To take one example of the difficulty Israel has in fighting its civilian surrounded enemy Yadlin tells us:
The case of Salah Shehada, the head of the military arm of Hamas, is a prime example of ethical concerns in decision-making. Shehada planned terror attacks in Israel, including the attack on the Dolphinarium discotheque where twenty-one teenagers were killed, and he was in the process of planning a "mega-attack." We knew that if we hit him, the mega-terror process would stop because he was the mind behind it, the planner, the one who was really pushing the button. Shehada was always surrounded by innocent people until one night in July 2002 we found him almost alone, and we delivered a 2,000-pound bomb on his apartment and he was killed. Unfortunately, the intelligence about those in the surrounding buildings was wrong, and innocent people were killed. Yet when the decision was made, it was the right decision from an ethical point of view because the scale included a mega-attack threatening the lives of hundreds of Israelis, balanced against a terrorist with some collateral damage. But in this case the collateral damage was too high.

A month later, in August 2002, we had all the leadership of Hamas - Sheikh Yassin and all his military commanders, all his engineers, all the minds of terror - in one room in a three-story house and we knew we needed a 2,000-pound bomb to eliminate all of them - the whole leadership, 16 people, all the worst terrorists in the world. Think about having Osama bin Laden and all the top leadership of al-Qaeda in one house. However, due to the criticism in Israeli society and in the media, and due to the consequences of innocent Palestinians being killed, a 2,000-pound bomb was not approved and we hit the building with a much smaller bomb. There was a lot of dust, a lot of noise, but they all got up and ran away and we missed the opportunity. So the ethical dilemmas are always there.

The chief of staff is always asking, "Bring me an operational plan that will endanger fewer civilians around the terrorist." This is an important principle: We never target civilians. They kill our civilians but we will not kill theirs as a punishment. We are always targeting terrorists on their way to do us imminent harm. The dilemma is that the terrorists are within these civilians.
It's not so simple as Israel's many critics would have us believe. Israel took a lesson when too many died as collateral damage - in an attack fully compliant with international law despite what the naysayers would claim - and, as a result, a group of terrorists survived to fight and kill another day.
And when you read about how cruel Israeli soldiers keep this in mind:
On the one hand, we had to deal with the terrorists and look for the tunnels. On the other hand, we had to avoid collateral damage or hitting the civilians. So first of all we applied the principle of warning. We warned the civilians that they had to leave because the terrorists were there.

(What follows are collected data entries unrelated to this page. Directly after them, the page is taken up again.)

(* Every locally Menger Hausdorff $P$-space can be densely embedded in a Menger Hausdorff $P$-space.
   Context: A space $X$ is Menger if for each sequence $(\mathcal{U}_n)$ of open covers of $X$ there is a sequence $(\mathcal{V}_n)$ with each $\mathcal{V}_n$ a finite subset of $\mathcal{U}_n$ and $\bigcup_{n}\bigcup\mathcal{V}_n=X$. A space $X$ is locally Menger if for each $x\in X$ there exist an open set $U$ and a Menger subspace $Y$ of $X$ with $x\in U\subseteq Y$. A $P$-space is a space in which every countable intersection of open sets is open. *)

theory Defs
  imports "HOL-Analysis.Analysis"
begin

definition open_cover_of :: "'a topology \<Rightarrow> 'a set set \<Rightarrow> bool" where
  "open_cover_of X \<U> \<longleftrightarrow> (\<forall>U\<in>\<U>. openin X U) \<and> topspace X \<subseteq> \<Union>\<U>"

definition Menger_space :: "'a topology \<Rightarrow> bool" where
  "Menger_space X \<longleftrightarrow>
     (\<forall>\<U> :: nat \<Rightarrow> 'a set set. (\<forall>n. open_cover_of X (\<U> n)) \<longrightarrow>
        (\<exists>\<V> :: nat \<Rightarrow> 'a set set. (\<forall>n. finite (\<V> n) \<and> \<V> n \<subseteq> \<U> n) \<and>
            (\<Union>n. \<Union>(\<V> n)) = topspace X))"

definition locally_Menger_space :: "'a topology \<Rightarrow> bool" where
  "locally_Menger_space X \<longleftrightarrow>
     (\<forall>x\<in>topspace X. \<exists>U Y. openin X U \<and> Y \<subseteq> topspace X \<and>
        Menger_space (subtopology X Y) \<and> x \<in> U \<and> U \<subseteq> Y)"

definition P_space :: "'a topology \<Rightarrow> bool" where
  "P_space X \<longleftrightarrow>
     (\<forall>\<F>. countable \<F> \<and> \<F> \<noteq> {} \<and> (\<forall>U\<in>\<F>. openin X U) \<longrightarrow> openin X (\<Inter>\<F>))"

end

theory Submission
  imports Defs
begin

(*
  Adjoin to X one new point whose neighbourhoods are the complements of the closed
  Lindelof subsets of X.  Since X is a P-space, countable unions of Lindelof sets are
  Lindelof and countable intersections of open sets are open, so the extension is again
  a P-space; it is Lindelof because a neighbourhood of the new point misses only a
  Lindelof set.  A Lindelof P-space is Menger: if (u n k)_k are countable subcovers of the
  given covers, then every set  INT n. UN k<=f n. u n k  is open, countably many of them,
  indexed by f_0, f_1, ..., cover the space, and the diagonal sets u n ` {..f_n n} are the
  required finite selections.  In a Hausdorff P-space Lindelof subsets are closed, so
  local Mengerness provides closed Lindelof neighbourhoods, which separate points of X
  from the new point.  The closure of X in the extension is the required space.
*)

lemma Lindelof_space_subtopology_indexed_subcover:
  assumes "Lindelof_space (subtopology X K)" "\<And>i. i \<in> I \<Longrightarrow> openin X (A i)"
    and "K \<subseteq> (\<Union>i\<in>I. A i)"
  shows "\<exists>J\<subseteq>I. countable J \<and> K \<subseteq> (\<Union>i\<in>J. A i)"
proof -
  have "K \<subseteq> topspace X"
    using assms(2,3) openin_subset by blast
  then have "\<exists>\<V>. countable \<V> \<and> \<V> \<subseteq> A ` I \<and> K \<subseteq> \<Union>\<V>"
    using assms by (simp add: Lindelof_space_subtopology_subset)
  then show ?thesis
    unfolding ex_countable_subset_image by blast
qed

lemma Lindelof_space_sequence_subcover:
  assumes "Lindelof_space X" "open_cover_of X \<U>" "topspace X \<noteq> {}"
  shows "\<exists>u :: nat \<Rightarrow> 'a set. range u \<subseteq> \<U> \<and> topspace X \<subseteq> (\<Union>k. u k)"
proof -
  obtain \<V> where \<V>: "countable \<V>" "\<V> \<subseteq> \<U>" "topspace X \<subseteq> \<Union>\<V>"
    using assms(1,2) unfolding Lindelof_space_alt open_cover_of_def by meson
  then have "\<V> \<noteq> {}"
    using assms(3) by auto
  with \<V> show ?thesis
    by (intro exI[of _ "from_nat_into \<V>"]) auto
qed

lemma Lindelof_space_closedin_subset:
  assumes "Lindelof_space (subtopology X K)" "closedin X C" "C \<subseteq> K"
  shows "Lindelof_space (subtopology X C)"
  using Lindelof_space_closedin_subtopology[OF assms(1) closedin_subset_topspace[OF assms(2,3)]]
  by (simp add: subtopology_subtopology Int_absorb1 assms(3))

lemma Lindelof_space_subtopology_Un:
  assumes "Lindelof_space (subtopology X A)" "Lindelof_space (subtopology X B)"
  shows "Lindelof_space (subtopology X (A \<union> B))"
  using Lindelof_space_Union[of "{A, B}" X] assms by auto

lemma Menger_imp_Lindelof_space:
  assumes "Menger_space X"
  shows "Lindelof_space X"
  unfolding Lindelof_space_alt
proof (intro allI impI)
  fix \<U> assume "(\<forall>U\<in>\<U>. openin X U) \<and> topspace X \<subseteq> \<Union>\<U>"
  then obtain \<V> :: "nat \<Rightarrow> 'a set set"
    where \<V>: "\<And>n. finite (\<V> n) \<and> \<V> n \<subseteq> \<U>" "(\<Union>n. \<Union>(\<V> n)) = topspace X"
    using assms unfolding Menger_space_def open_cover_of_def by meson
  show "\<exists>\<W>. countable \<W> \<and> \<W> \<subseteq> \<U> \<and> topspace X \<subseteq> \<Union>\<W>"
  proof (intro exI conjI)
    show "countable (\<Union>n. \<V> n)"
      using \<V>(1) by (simp add: countable_finite)
    show "(\<Union>n. \<V> n) \<subseteq> \<U>"
      using \<V>(1) by blast
    show "topspace X \<subseteq> \<Union>(\<Union>n. \<V> n)"
      using \<V>(2) by blast
  qed
qed

lemma P_spaceD:
  assumes "P_space X" "countable \<F>" "\<F> \<noteq> {}" "\<And>U. U \<in> \<F> \<Longrightarrow> openin X U"
  shows "openin X (\<Inter>\<F>)"
  using assms unfolding P_space_def by blast

lemma P_space_subtopology:
  assumes "P_space X"
  shows "P_space (subtopology X S)"
  unfolding P_space_def
proof (intro allI impI)
  fix \<F> assume \<F>: "countable \<F> \<and> \<F> \<noteq> {} \<and> (\<forall>U\<in>\<F>. openin (subtopology X S) U)"
  then obtain V where V: "\<And>U. U \<in> \<F> \<Longrightarrow> openin X (V U) \<and> U = V U \<inter> S"
    unfolding openin_subtopology by metis
  have "openin X (\<Inter>(V ` \<F>))"
    using \<F> V by (intro P_spaceD[OF assms]) auto
  moreover have "\<Inter>\<F> = \<Inter>(V ` \<F>) \<inter> S"
    using \<F> V by blast
  ultimately show "openin (subtopology X S) (\<Inter>\<F>)"
    unfolding openin_subtopology by blast
qed

lemma Lindelof_P_space_diagonal_cover:
  fixes u :: "nat \<Rightarrow> nat \<Rightarrow> 'a set"
  assumes "Lindelof_space X" "P_space X"
    and u_open: "\<And>n k. openin X (u n k)" and u_cover: "\<And>n. topspace X \<subseteq> (\<Union>k. u n k)"
  shows "\<exists>g. topspace X \<subseteq> (\<Union>n. \<Union>k\<le>g n. u n k)"
proof (cases "topspace X = {}")
  case False
  define G where "G f = (\<Inter>n. \<Union>k\<le>f n. u n k)" for f :: "nat \<Rightarrow> nat"
  have "openin X (G f)" for f
    unfolding G_def using u_open by (intro P_spaceD[OF assms(2)] openin_Union) auto
  moreover have "topspace X \<subseteq> (\<Union>f. G f)"
  proof
    fix x assume "x \<in> topspace X"
    then have "\<forall>n. \<exists>k. x \<in> u n k"
      using u_cover by blast
    then obtain f where "\<And>n. x \<in> u n (f n)"
      by metis
    then show "x \<in> (\<Union>f. G f)"
      unfolding G_def by blast
  qed
  ultimately have "\<exists>J. countable J \<and> topspace X \<subseteq> (\<Union>f\<in>J. G f)"
    using Lindelof_space_subtopology_indexed_subcover[of X "topspace X" UNIV G] assms(1)
    by simp
  then obtain J where J: "countable J" "topspace X \<subseteq> (\<Union>f\<in>J. G f)"
    by blast
  define g where "g n = from_nat_into J n n" for n
  have "topspace X \<subseteq> (\<Union>n. \<Union>k\<le>g n. u n k)"
  proof
    fix x assume "x \<in> topspace X"
    then obtain f where "f \<in> J" "x \<in> G f"
      using J by blast
    moreover obtain m where "from_nat_into J m = f"
      using from_nat_into_surj[OF J(1) \<open>f \<in> J\<close>] by metis
    ultimately show "x \<in> (\<Union>n. \<Union>k\<le>g n. u n k)"
      unfolding G_def g_def by blast
  qed
  then show ?thesis
    by blast
qed simp

lemma Lindelof_P_space_imp_Menger_space:
  assumes "Lindelof_space X" "P_space X"
  shows "Menger_space X"
  unfolding Menger_space_def
proof (intro allI impI)
  fix \<U> :: "nat \<Rightarrow> 'a set set" assume cov: "\<forall>n. open_cover_of X (\<U> n)"
  show "\<exists>\<V>. (\<forall>n. finite (\<V> n) \<and> \<V> n \<subseteq> \<U> n) \<and> (\<Union>n. \<Union>(\<V> n)) = topspace X"
  proof (cases "topspace X = {}")
    case True
    then show ?thesis
      by (intro exI[of _ "\<lambda>n. {}"]) auto
  next
    case False
    have "\<exists>u :: nat \<Rightarrow> 'a set. range u \<subseteq> \<U> n \<and> topspace X \<subseteq> (\<Union>k. u k)" for n
      using Lindelof_space_sequence_subcover[OF assms(1) spec[OF cov] False] .
    then obtain u :: "nat \<Rightarrow> nat \<Rightarrow> 'a set"
      where u: "\<And>n. range (u n) \<subseteq> \<U> n" "\<And>n. topspace X \<subseteq> (\<Union>k. u n k)"
      by metis
    have u_open: "openin X (u n k)" for n k
      using u(1) cov unfolding open_cover_of_def by blast
    from Lindelof_P_space_diagonal_cover[OF assms u_open u(2)]
    obtain g where g: "topspace X \<subseteq> (\<Union>n. \<Union>k\<le>g n. u n k)" ..
    show ?thesis
    proof (intro exI conjI allI)
      show "finite (u n ` {..g n})" "u n ` {..g n} \<subseteq> \<U> n" for n
        using u(1) by auto
      show "(\<Union>n. \<Union>(u n ` {..g n})) = topspace X"
      proof
        show "(\<Union>n. \<Union>(u n ` {..g n})) \<subseteq> topspace X"
          using u_open openin_subset by blast
      qed (rule g)
    qed
  qed
qed

lemma Lindelof_subtopology_imp_closedin:
  assumes "Hausdorff_space X" "P_space X" "Lindelof_space (subtopology X S)" "S \<subseteq> topspace X"
  shows "closedin X S"
proof (cases "S = {}")
  case False
  have "\<exists>T. openin X T \<and> y \<in> T \<and> T \<subseteq> topspace X - S" if y: "y \<in> topspace X - S" for y
  proof -
    have "\<exists>U V. openin X U \<and> openin X V \<and> s \<in> U \<and> y \<in> V \<and> disjnt U V" if "s \<in> S" for s
      using assms(1,4) y that unfolding Hausdorff_space_def by blast
    then obtain U V where UV: "\<And>s. s \<in> S \<Longrightarrow>
        openin X (U s) \<and> openin X (V s) \<and> s \<in> U s \<and> y \<in> V s \<and> disjnt (U s) (V s)"
      by metis
    obtain J where J: "J \<subseteq> S" "countable J" "S \<subseteq> (\<Union>s\<in>J. U s)"
      using Lindelof_space_subtopology_indexed_subcover[OF assms(3), of S U] UV by blast
    then have "J \<noteq> {}"
      using False by auto
    then have "openin X (\<Inter>(V ` J))"
      using J UV by (intro P_spaceD[OF assms(2)]) auto
    moreover have "\<Inter>(V ` J) \<inter> S = {}"
      using J UV unfolding disjnt_def by blast
    ultimately show ?thesis
      using J UV openin_subset by (intro exI[of _ "\<Inter>(V ` J)"]) blast
  qed
  then show ?thesis
    using assms(4) unfolding closedin_def by (subst openin_subopen) blast
qed simp

lemma locally_Menger_P_space_closed_Lindelof_nbhd:
  assumes "locally_Menger_space X" "Hausdorff_space X" "P_space X" "x \<in> topspace X"
  shows "\<exists>U K. openin X U \<and> closedin X K \<and> x \<in> U \<and> U \<subseteq> K \<and> Lindelof_space (subtopology X K)"
proof -
  obtain U K where "openin X U" "K \<subseteq> topspace X" "Menger_space (subtopology X K)" "x \<in> U" "U \<subseteq> K"
    using assms(1,4) unfolding locally_Menger_space_def by blast
  moreover from this have "Lindelof_space (subtopology X K)"
    by (simp add: Menger_imp_Lindelof_space)
  ultimately show ?thesis
    using Lindelof_subtopology_imp_closedin[OF assms(2,3)] by blast
qed

(* The extension has to live on 'a set set: x is coded as {{x}}, the new point is {}. *)
definition pt :: "'a \<Rightarrow> 'a set set" where
  "pt x = {{x}}"

definition Lindelof_ext_openin :: "'a topology \<Rightarrow> 'a set set set \<Rightarrow> bool" where
  "Lindelof_ext_openin X W \<longleftrightarrow>
     W \<subseteq> insert {} (pt ` topspace X) \<and> openin X {x \<in> topspace X. pt x \<in> W} \<and>
     ({} \<in> W \<longrightarrow> Lindelof_space (subtopology X {x \<in> topspace X. pt x \<notin> W}))"

definition Lindelof_extension :: "'a topology \<Rightarrow> 'a set set topology" where
  "Lindelof_extension X = topology (Lindelof_ext_openin X)"

lemma pt_eq_iff [simp]: "pt x = pt y \<longleftrightarrow> x = y"
  by (auto simp: pt_def)

lemma pt_neq_empty [simp]: "pt x \<noteq> {}" "{} \<noteq> pt x"
  by (auto simp: pt_def)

We had to make every attempt to move them before the fighting began. Two soldiers paid with their lives because they were trying to help a Palestinian old lady get some water and Palestinian snipers killed them. Think about the commander who has to go to the parents of the soldiers and tell them that because of ethical issues they helped this old lady but your son is dead because of it. It's an awful dilemma.

Other than the American army is there any other army in the world that would take such care to assist civilians from the enemy's side? The French?